The authors examine the 2021 data for 202 public pension plans and identify 9 of them as “Deep Red,” that is, in critical condition and declining, and “projected to become insolvent in 20 years.” Among those 9 Deep Red plans is New Jersey’s Teachers’ Pension and Annuity Fund (TPAF). If TPAF becomes insolvent, then the $4.8 billion in annual benefit payments will have to be funded by annual appropriations from the state budget, which would likely bring about a fiscal crisis for the state.
Here are some of the numbers:
- Funded ratio (assets set aside to meet obligations to retirees): 39% — 6th-worst among the 202 plans. Remember that this includes data from 2021, a record year for investment returns. A more recent update by Equable that takes into account part of 2022 has the funded ratio at 37.4%. In other words, there’s only 37 cents set aside for every dollar owed to retirees.
- Ratio of active workers to retirees: 1.45x – 2nd-worst among the 202 plans. This number is now closer to 1.3x as more teachers retired in 2022, and is down from 2.4x in 2001. Fewer actives to fund more retirees means greater stress on the pension plan.
- Ratio of cash flow to assets: -6.97% — 4th-worst out of 202. This ratio measures the non-investment cashflows, which are basically annual contributions less payouts to retirees. On a stand-alone basis, TPAF took in 6.97% less in contributions than it paid out in benefits. To be fair, Murphy’s billions in contributions have brought this ratio to zero, but this still leaves the health of the plan subject to investment returns. In other words, if the stock market is down — like 2022 — TPAF has to sell assets to pay benefits (and its funded ratio will decrease as well).
Yet Murphy continues to pour billions a year into an unreformed TPAF. Rather than doing the hard work of making TPAF sustainable — thereby protecting both current and future retirees — Murphy simply caters to his biggest political supporter, the NJEA. But what happens when all the COVID funds run out and/or a recession hits?

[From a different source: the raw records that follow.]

lemma Inf_image_greaterThan_right_continuous:
  fixes N :: "real \<Rightarrow> real"
  assumes N: "mono_on {c..d} N" and m: "c \<le> m" "m < d" and rc: "continuous (at_right m) N"
  shows "Inf (N ` {m<..d}) = N m"
proof (rule order.antisym)
  note bdd = mono_on_Inf_image_greaterThan(1)[OF N m]
  show "N m \<le> Inf (N ` {m<..d})" using mono_on_Inf_image_greaterThan(2)[OF N m] .
  show "Inf (N ` {m<..d}) \<le> N m"
  proof (rule field_le_epsilon)
    fix e :: real assume "e > 0"
    have "(N \<longlongrightarrow> N m) (at_right m)" using rc by (simp add: continuous_within)
    then have "eventually (\<lambda>z. N z < N m + e) (at_right m)"
      using \<open>e > 0\<close> by (intro order_tendstoD(2)) auto
    then obtain b where "b > m" and b: "\<And>z. m < z \<Longrightarrow> z < b \<Longrightarrow> N z < N m + e"
      unfolding eventually_at_right_field by blast
    define z where "z = min ((m + b) / 2) d"
    have z: "m < z" "z < b" "z \<le> d" using \<open>b > m\<close> m by (auto simp: z_def min_def)
    have "Inf (N ` {m<..d}) \<le> N z" by (rule cInf_lower[OF _ bdd]) (use z in auto)
    also have "\<dots> < N m + e" using b z by auto
    finally show "Inf (N ` {m<..d}) \<le> N m + e" by simp
  qed
qed

lemma Inf_comp_image_greaterThan_attained:
  fixes M N :: "real \<Rightarrow> real"
  assumes M: "mono_on {a..b} M" and N: "mono_on {M a..M b} N" and x: "a \<le> x" "x < b"
    and t0: "t0 \<in> {x<..b}" "M t0 = Inf (M ` {x<..b})" and m_less: "M t0 < M b"
    and rc: "continuous (at_right (M t0)) N"
  shows "Inf ((N \<circ> M) ` {x<..b}) = Inf (N ` {M t0<..M b})"
proof -
  have "M a \<le> M t0" using t0 x by (intro mono_onD[OF M]) auto
  have "Inf ((N \<circ> M) ` {x<..b}) = N (M t0)"
  proof (rule cInf_eq_minimum)
    show "N (M t0) \<in> (N \<circ> M) ` {x<..b}" using t0(1) by (rule rev_image_eqI) simp
    show "N (M t0) \<le> z" if "z \<in> (N \<circ> M) ` {x<..b}" for z
      using that t0 mono_on_Inf_image_greaterThan(3)[OF M x] \<open>M a \<le> M t0\<close> x
      by (auto intro!: mono_onD[OF N] mono_onD[OF M])
  qed
  also have "\<dots> = Inf (N ` {M t0<..M b})"
    using Inf_image_greaterThan_right_continuous[OF N \<open>M a \<le> M t0\<close> m_less rc] ..
  finally show ?thesis .
qed

lemma Inf_comp_image_greaterThan_unattained:
  fixes M N :: "real \<Rightarrow> real" and a b x :: real
  defines "m \<equiv> Inf (M ` {x<..b})"
  assumes M: "mono_on {a..b} M" and N: "mono_on {M a..M b} N" and x: "a \<le> x" "x < b"
    and unattained: "\<forall>t\<in>{x<..b}. m < M t"
  shows "Inf ((N \<circ> M) ` {x<..b}) = Inf (N ` {m<..M b})"
proof -
  note m_bounds = mono_on_Inf_image_greaterThan[OF M x, folded m_def]
  have M_range: "M a \<le> M t" "M t \<le> M b" if "t \<in> {x<..b}" for t
    using that x by (auto intro: mono_onD[OF M])
  have "M a \<le> M x" using x by (auto intro: mono_onD[OF M])
  with m_bounds(2) have "M a \<le> m" by linarith
  have "m < M b" using unattained x by auto
  show ?thesis
  proof (rule order.antisym)
    have "bdd_below (N ` {m<..M b})"
      by (rule bdd_belowI[of _ "N m"]) (use \<open>M a \<le> m\<close> in \<open>auto intro!: mono_onD[OF N]\<close>)
    then show "Inf (N ` {m<..M b}) \<le> Inf ((N \<circ> M) ` {x<..b})"
      using x unattained M_range by (intro cInf_greatest) (auto intro!: cInf_lower)
  next
    have "bdd_below ((N \<circ> M) ` {x<..b})"
      by (rule bdd_belowI[of _ "N m"])
        (use m_bounds(3) M_range \<open>M a \<le> m\<close> in \<open>auto intro!: mono_onD[OF N]\<close>)
    show "Inf ((N \<circ> M) ` {x<..b}) \<le> Inf (N ` {m<..M b})"
    proof (rule cInf_greatest)
      fix w assume "w \<in> N ` {m<..M b}"
      then obtain z where z: "m < z" "z \<le> M b" and w: "w = N z" by auto
      obtain t where t: "t \<in> {x<..b}" "M t < z"
        using cInf_lessD[of "M ` {x<..b}" z] x z(1) by (auto simp: m_def)
      have "Inf ((N \<circ> M) ` {x<..b}) \<le> N (M t)"
        using cInf_lower[OF _ \<open>bdd_below ((N \<circ> M) ` {x<..b})\<close>] t by auto
      also have "\<dots> \<le> N z" using t z M_range[OF t(1)] by (auto intro!: mono_onD[OF N])
      finally show "Inf ((N \<circ> M) ` {x<..b}) \<le> w" using w by simp
    qed (use \<open>m < M b\<close> in auto)
  qed
qed

definition plateau_values :: "(real \<Rightarrow> real) \<Rightarrow> real \<Rightarrow> real \<Rightarrow> real set" where
  "plateau_values M a b =
     {y \<in> {M a..M b}. \<exists>x1 \<in> {a..b}. \<exists>x2 \<in> {a..b}. x1 \<noteq> x2 \<and> M x1 = y \<and> M x2 = y}"

lemma Inf_image_greaterThan_in_plateau_values:
  assumes M: "mono_on {a..b} M" and x: "a \<le> x"
    and t0: "t0 \<in> {x<..b}" "M t0 = Inf (M ` {x<..b})"
  shows "M t0 \<in> plateau_values M a b"
proof -
  define t1 where "t1 = (x + t0) / 2"
  have t1: "t1 \<in> {x<..b}" "t1 < t0" using t0 by (auto simp: t1_def)
  have "x < b" using t0(1) by simp
  have "M t1 \<le> M t0" using t1 t0 x by (intro mono_onD[OF M]) auto
  moreover have "M t0 \<le> M t1"
    using t0(2) mono_on_Inf_image_greaterThan(3)[OF M x \<open>x < b\<close> t1(1)] by simp
  moreover have "M a \<le> M t0" "M t0 \<le> M b" using t0(1) x by (auto intro!: mono_onD[OF M])
  ultimately show ?thesis
    using t0(1) t1 x unfolding plateau_values_def
    by (intro CollectI conjI bexI[of _ t1] bexI[of _ t0]) auto
qed

section \<open>Measures corresponding to non-decreasing functions\<close>

lemma corresponding_measureD:
  assumes "corresponding_measure F c d \<mu>"
  shows "space \<mu> = {c..d}" "sets \<mu> = sets (restrict_space borel {c..d})" "finite_measure \<mu>"
    "\<And>g. continuous_on {c..d} g \<Longrightarrow> has_RS_integral g F c d (integral\<^sup>L \<mu> g)"
  using assms unfolding corresponding_measure_def by auto

lemma sets_corresponding_measure_iff:
  assumes "corresponding_measure F c d \<mu>"
  shows "A \<in> sets \<mu> \<longleftrightarrow> A \<subseteq> {c..d} \<and> A \<in> sets borel"
  using corresponding_measureD(2)[OF assms] by (simp add: sets_restrict_space_iff)

lemma measurable_corresponding_measure:
  assumes "corresponding_measure F c d \<mu>"
  shows "measurable \<mu> K = measurable (restrict_space borel {c..d}) K"
  by (rule measurable_cong_sets[OF corresponding_measureD(2)[OF assms] refl])

lemma emeasure_distr_id_corresponding_measure:
  assumes "corresponding_measure F c d \<mu>" "A \<in> sets borel"
  shows "emeasure (distr \<mu> borel id) A = emeasure \<mu> (A \<inter> {c..d})"
proof -
  have "id \<in> borel_measurable \<mu>"
    unfolding measurable_corresponding_measure[OF assms(1)] by (rule measurable_restrict_space1) simp
  then show ?thesis
    using emeasure_distr[of id \<mu> borel A] assms corresponding_measureD(1)[OF assms(1)] by simp
qed

lemma measure_corresponding_measure_interval:
  assumes "corresponding_measure F c d \<mu>" "c \<le> d"
  shows "measure \<mu> {c..d} = F d - F c"
proof -
  interpret finite_measure \<mu> using corresponding_measureD(3)[OF assms(1)] .
  have "integral\<^sup>L \<mu> (\<lambda>_. 1) = measure \<mu> {c..d}"
    using corresponding_measureD(1)[OF assms(1)] by simp
  then show ?thesis
    using has_RS_integral_unique[OF corresponding_measureD(4)[OF assms(1)] has_RS_integral_one]
      assms(2) by simp
qed

definition ramp :: "real \<Rightarrow> real \<Rightarrow> real \<Rightarrow> real" where
  "ramp p q z = max 0 (min 1 ((q - z) / (q - p)))"

lemma continuous_on_ramp: "p < q \<Longrightarrow> continuous_on S (ramp p q)"
  unfolding ramp_def by (intro continuous_intros) auto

For decades, the NJEA played a leading role in the severe underfunding of TPAF and blocked all efforts at reform. Now it steadfastly refuses to tell teachers the truth about the condition of their pension plan. The NJEA would prefer to keep teachers in the dark and pretend that making the full contribution means that everything is OK. But as the Urban Institute study shows, everything is not OK.
Murphy plans to be long gone when the reckoning comes and his unwillingness to tackle difficult problems means future generations of New Jerseyans will be left to deal with the fallout. In this light, New Jersey looks like a mere stepping-stone for Murphy’s national political ambitions.